How Much and Which Extra-Curricular Activities?
by Nancy Monson
With the start of school come all the after school activities. How do you decide what your child participates in? The first rule, is that every child is different, and their needs and ability to engage in extra curricular activites can vary from year to year, even from season to season. Here are some pointers that could be helpful in assessing what might be enough but not too much after school activity.
Every child needs assimilation time, quiet time, where nothing new is happening. The ability to have self-knowledge, depth and wisdom requires internal spaciousness. Make sure your child has this kind of time somewhere in their schedule. Listen to your child; do they want more time at home? More time with you? Do they seem stressed out, tired, edgy, sped up, unable to stay focused? Maybe they are doing too much, and just need some free time to do what they choose. This important element can make the difference in whether your child is fully able to gain from the activities they are involved in. The point of doing extra activities is that your child should be gaining or strengthening skills, building self-esteem, and having fun. Be wary of overdoing it. Transition time between activities is also necessary so that they aren't rushed from one activity to the next. They will be more able to start each thing ready and refreshed.
Look at the whole of your child. Are all areas of development getting attention? We want our children to have confidence in their bodies, so some kind of physical fitness is essential to complete health. Does the school your child goes to fully engage your child's particular needs, strengths and weaknesses in this area? Is there a sport your child would like to participate in? If children don't gain this confidence when they are young, it is difficult to get later. A healthy, solid, relaxed body is a lifetime gift.
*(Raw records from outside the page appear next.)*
(* Let $C$ be a nonsingular affine curve over $\mathbb{R}$ with $C(\mathbb{R})$ compact and non-empty. Let $g\colon C(\mathbb{R})\to\mathbb{R}$ be a continuous semi-algebraic function with $g(x)=0$ for only finitely many $x\in C(\mathbb{R})$. Then there exists $0\ne p\in\mathbb{R}[C]$ with $p^2\le|g|$ on $C(\mathbb{R})$.
   Context: A function $C(\mathbb{R})\to\mathbb{R}$ is semi-algebraic if its graph is a semi-algebraic subset of $C(\mathbb{R})\times\mathbb{R}$. *)

theory Defs
  imports "HOL-Analysis.Analysis"
begin

datatype 'v rpe = RConst real | RVar 'v | RAdd "'v rpe" "'v rpe" | RMul "'v rpe" "'v rpe"

fun reval :: "('v \<Rightarrow> 'a::{real_algebra_1,comm_ring_1}) \<Rightarrow> 'v rpe \<Rightarrow> 'a" where
  "reval x (RConst c) = of_real c"
| "reval x (RVar v) = x v"
| "reval x (RAdd a b) = reval x a + reval x b"
| "reval x (RMul a b) = reval x a * reval x b"

fun rdiff :: "'v \<Rightarrow> 'v rpe \<Rightarrow> 'v rpe" where
  "rdiff v (RConst c) = RConst 0"
| "rdiff v (RVar w) = RConst (if v = w then 1 else 0)"
| "rdiff v (RAdd a b) = RAdd (rdiff v a) (rdiff v b)"
| "rdiff v (RMul a b) = RAdd (RMul (rdiff v a) b) (RMul a (rdiff v b))"

text \<open>The polynomial ring R[x_v : v in 'n], realised (faithfully, since C is infinite)
  as the ring of polynomial functions with real coefficients on complex affine space.\<close>
definition Rpoly :: "(('n \<Rightarrow> complex) \<Rightarrow> complex) set" where
  "Rpoly = {(\<lambda>z. reval z e) | e. True}"

definition poly_ideal :: "(('n \<Rightarrow> complex) \<Rightarrow> complex) set \<Rightarrow> bool" where
  "poly_ideal I \<longleftrightarrow> I \<subseteq> Rpoly \<and> (\<lambda>z. 0) \<in> I \<and>
     (\<forall>a\<in>I. \<forall>b\<in>I. (\<lambda>z. a z + b z) \<in> I) \<and>
     (\<forall>f\<in>Rpoly. \<forall>a\<in>I. (\<lambda>z. f z * a z) \<in> I)"

definition prime_poly_ideal :: "(('n \<Rightarrow> complex) \<Rightarrow> complex) set \<Rightarrow> bool" where
  "prime_poly_ideal P \<longleftrightarrow> poly_ideal P \<and> P \<noteq> Rpoly \<and>
     (\<forall>a\<in>Rpoly. \<forall>b\<in>Rpoly. (\<lambda>z. a z * b z) \<in> P \<longrightarrow> a \<in> P \<or> b \<in> P)"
How is your child's creativity nourished in their school? If there is a lack, or your child has a particular love of one of the arts, then there is room for some extra attention.
Does your child need extra academic help? If you can't afford a tutor, find out through the school what else might be available. Call your local colleges and universities and see if there are students in the education department who might be willing to help out.
Take the time to research different programs. For every activity there are many approaches of teaching. Call the programs, talk to the teachers, and ask questions. What is it you want your child to learn? What approach is your child comfortable with? If you can, sit in on a class. If you enter your child in a dance class, and they want to quit, is it because that class just isn't the right fit or your child doesn't want to dance? Children don't know that there are such huge differences in teachers, and it is up to the parents to try to find the right teacher for their child. A child who truly loves the classes they are in is worth the extra time.